To solve the above problem, the easiest way is to set the lock expiration time longer, much longer than the business processing time, but this will seriously affect the performance of the system. If a server goes down before releasing the lock, and The lock timeout is set to one hour, so within this hour, other threads will be blocked there when accessing this service. Therefore, this method is generally not recommended.

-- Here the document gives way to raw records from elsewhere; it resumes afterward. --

lemma band_bop:
  assumes ulf: "unif_locally_finite TYPE('a::metric_space)"
  shows "bop (band r :: 'a op)"
proof -
  obtain N :: nat where fin: "\<And>x::'a. finite (cball x r)" and cN: "\<And>x::'a. card (cball x r) \<le> N"
    using unif_locally_finiteE[OF ulf] by blast
  show ?thesis
  proof (rule bopI[where K="real N"])
    fix f :: "'a \<Rightarrow> complex" assume "f \<notin> l2" thus "band r f = (\<lambda>_. 0)" by (simp add: band_def)
  next
    fix f :: "'a \<Rightarrow> complex" assume f: "f \<in> l2"
    show "band r f \<in> l2" "l2norm (band r f) \<le> real N * l2norm f"
      using band_l2[OF fin cN f] f by (simp_all add: band_def)
  next
    fix f g :: "'a \<Rightarrow> complex" and c assume fg: "f \<in> l2" "g \<in> l2"
    have "(\<lambda>x. f x + c * g x) \<in> l2" by (rule l2_lincomb(1)[OF fg])
    thus "band r (\<lambda>x. f x + c * g x) = (\<lambda>x. band r f x + c * band r g x)"
      using fg by (simp add: band_def sum.distrib sum_distrib_left)
  qed
qed

lemma band_apply: "g \<in> l2 \<Longrightarrow> band r g = (\<lambda>z. \<Sum>y\<in>cball z r. g y)"
  by (simp add: band_def)

lemma band_delta:
  assumes ulf: "unif_locally_finite TYPE('a::metric_space)"
  shows "band r (delta a) z = (if dist z (a::'a) \<le> r then 1 else 0)"
proof -
  obtain N :: nat where fin: "\<And>x::'a. finite (cball x r)"
    using unif_locally_finiteE[OF ulf] by blast
  have "band r (delta a) z = (\<Sum>y\<in>cball z r. if y = a then 1 else 0)"
    by (simp add: band_apply delta_def)
  also have "\<dots> = (if a \<in> cball z r then 1 else 0)"
    using fin by simp
  finally show ?thesis by simp
qed

lemma band_propg:
  assumes ulf: "unif_locally_finite TYPE('a::metric_space)"
  shows "propg_le (band r :: 'a op) r"
  unfolding propg_le_def entry_def band_delta[OF ulf]
  by (auto simp: dist_commute split: if_splits)

lemma band_uroe:
  assumes ulf: "unif_locally_finite TYPE('a::metric_space)"
  shows "(band r :: 'a op) \<in> uroe"
  by (rule finite_propg_uroe[OF band_bop[OF ulf] band_propg[OF ulf]])

definition corner :: "'a set \<Rightarrow> ('a::metric_space) op set" where
  "corner Z = {chi Z \<circ> b \<circ> chi Z | b. b \<in> uroe}"

lemma corner_bop: "c \<in> corner Z \<Longrightarrow> bop c"
  unfolding corner_def by (auto intro!: bop_comp simp: uroe_bop chi_uroe)

lemma corner_apply_chi: "c \<in> corner Z \<Longrightarrow> c (chi Z f) = c f"
  unfolding corner_def by (auto simp: chi_chi_apply)

lemma corner_band_delta:
  fixes y z :: "'a::metric_space"
  assumes "unif_locally_finite TYPE('a)" "y \<in> Z" "z \<in> Z"
  shows "chi Z (band r (chi Z (delta y))) z = (if dist z y \<le> r then 1 else 0)"
proof -
  have "chi Z (delta y) = delta y"
    using assms(2) by (auto simp: chi_def mult_op_def delta_def fun_eq_iff)
  moreover have "band r (delta y) \<in> l2" by (rule bop_l2[OF band_bop[OF assms(1)] delta_l2])
  ultimately show ?thesis
    using assms(3) by (simp add: chi_def mult_op_apply band_delta[OF assms(1)])
qed

section \<open>Embeddings mapping diagonal matrix units to diagonal matrix units\<close>

locale diag_rank_one_embedding =
  fixes \<Phi> :: "('a::metric_space) op \<Rightarrow> ('b::metric_space) op"
  assumes emb: "embedding \<Phi>" and lin: "\<Phi> ` linf \<subseteq> linf"
    and rk: "\<forall>x::'a. rank_one (\<Phi> (exy x x))"
begin

lemma Phi_uroe: "T \<in> uroe \<Longrightarrow> \<Phi> T \<in> uroe"
  using emb by (auto simp: embedding_def)

lemma Phi_bop: "T \<in> uroe \<Longrightarrow> bop (\<Phi> T)"
  using Phi_uroe uroe_bop by blast

lemma Phi_add: "S \<in> uroe \<Longrightarrow> T \<in> uroe \<Longrightarrow> \<Phi> (op_add S T) = op_add (\<Phi> S) (\<Phi> T)"
  using emb by (simp add: embedding_def)

lemma Phi_comp: "S \<in> uroe \<Longrightarrow> T \<in> uroe \<Longrightarrow> \<Phi> (S \<circ> T) = \<Phi> S \<circ> \<Phi> T"
  using emb by (simp add: embedding_def)

lemma Phi_scale: "T \<in> uroe \<Longrightarrow> \<Phi> (op_scale c T) = op_scale c (\<Phi> T)"
  using emb by (simp add: embedding_def)

lemma Phi_adj: "T \<in> uroe \<Longrightarrow> \<Phi> (adj T) = adj (\<Phi> T)"
  using emb by (simp add: embedding_def)

lemma Phi_zero_op: "\<Phi> zero_op = zero_op"
proof -
  have "op_add zero_op zero_op = (zero_op :: 'a op)" by (simp add: op_add_def zero_op_def)
  hence E: "\<Phi> zero_op = op_add (\<Phi> zero_op) (\<Phi> zero_op)"
    using Phi_add[OF zero_op_uroe zero_op_uroe] by simp
  have "\<Phi> zero_op f x = 0" for f x
    using fun_cong[OF fun_cong[OF E, of f], of x] by (simp add: op_add_def)
  thus ?thesis by (simp add: zero_op_def fun_eq_iff)
qed

lemma Phi_exy_is_exy: "\<exists>y. \<Phi> (exy x x) = exy y y"
proof -
  obtain h where h: "\<Phi> (exy x x) = mult_op h" "bounded (range h)"
    using subsetD[OF lin imageI[OF exy_linf]] by (auto simp: linf_def)
  have "mult_op h \<circ> mult_op h = mult_op h"
    using Phi_comp[OF exy_diag_uroe exy_diag_uroe, of x x] h(1) by (simp add: exy_idem)
  moreover have "rank_one (mult_op h)" using rk h(1) by metis
  ultimately show ?thesis using mult_op_idem_rank_one_eq_exy[OF h(2)] h(1) by metis
qed

definition phi :: "'a \<Rightarrow> 'b" where "phi x = (SOME y. \<Phi> (exy x x) = exy y y)"

lemma Phi_exy: "\<Phi> (exy x x) = exy (phi x) (phi x)"
  unfolding phi_def by (rule someI_ex[OF Phi_exy_is_exy])

lemma phi_inj: "inj phi"
proof (rule injI)
  fix x x' assume e: "phi x = phi x'"
  show "x = x'"
  proof (rule ccontr)
    assume "x \<noteq> x'"
    hence "\<Phi> (exy x x \<circ> exy x' x') = zero_op" by (simp add: exy_comp_ne Phi_zero_op)
    moreover have "\<Phi> (exy x x \<circ> exy x' x') = exy (phi x) (phi x)"
      using Phi_comp[OF exy_diag_uroe exy_diag_uroe, of x x'] by (simp add: Phi_exy e exy_idem)
    ultimately show False using exy_ne_zero_op by metis
  qed
qed

lemma Phi_apply_delta_phi:
  assumes "T \<in> uroe"
  shows "\<Phi> T (delta (phi x)) = \<Phi> (dyad (T (delta x)) x) (delta (phi x))"
proof -
  have "\<Phi> (dyad (T (delta x)) x) = \<Phi> T \<circ> exy (phi x) (phi x)"
    using Phi_comp[OF assms exy_diag_uroe, of x] bop_comp_exy[OF uroe_bop[OF assms]] Phi_exy by simp
  thus ?thesis by (simp add: exy_delta)
qed

lemma Phi_dyad_eq:
  assumes u: "u \<in> l2"
  shows "\<Phi> (dyad u x) = dyad (\<Phi> (dyad u x) (delta (phi x))) (phi x)"
proof -
  have R: "dyad u x \<in> uroe" by (rule dyad_uroe[OF u])
  have "dyad u x \<circ> exy x x = dyad u x" by (simp add: bop_comp_exy[OF bop_dyad[OF u]] dyad_delta)
  hence "\<Phi> (dyad u x) = \<Phi> (dyad u x) \<circ> exy (phi x) (phi x)"
    using Phi_comp[OF R exy_diag_uroe, of x] Phi_exy by simp
  also have "\<dots> = dyad (\<Phi> (dyad u x) (delta (phi x))) (phi x)"
    by (rule bop_comp_exy[OF Phi_bop[OF R]])
  finally show ?thesis .
qed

Another solution is to set the value to a unique value when setting key value ex seconds nx. The value of each thread is different. Before deleting the key, first get the value through the get key command, and then determine whether the value is Generated by its own thread, if it is, the key will be deleted and the lock will be released. If not, the key will not be deleted. The normal process is as follows:
When the business processing is not over, the key automatically expires, and you can release your own lock normally without affecting other threads:
The solution after the second upgrade seems to have no problems, but it is not. After carefully analyzing the process, we found that the two steps of determining whether the lock belongs to the current thread and releasing the lock are not atomic operations. Normally, if the value obtained by thread 1 from Redis through the get operation is 123, then the operation of deleting the lock will be executed, but if the system freezes for a few seconds before executing the action of deleting the lock, it happens to Within seconds, the key automatically expires, and thread 2 successfully acquires the lock and starts to execute its own logic. At this time, thread 1 freezes and resumes, and continues to execute the action of deleting the lock, so what is deleted at this time is still thread 2. Lock.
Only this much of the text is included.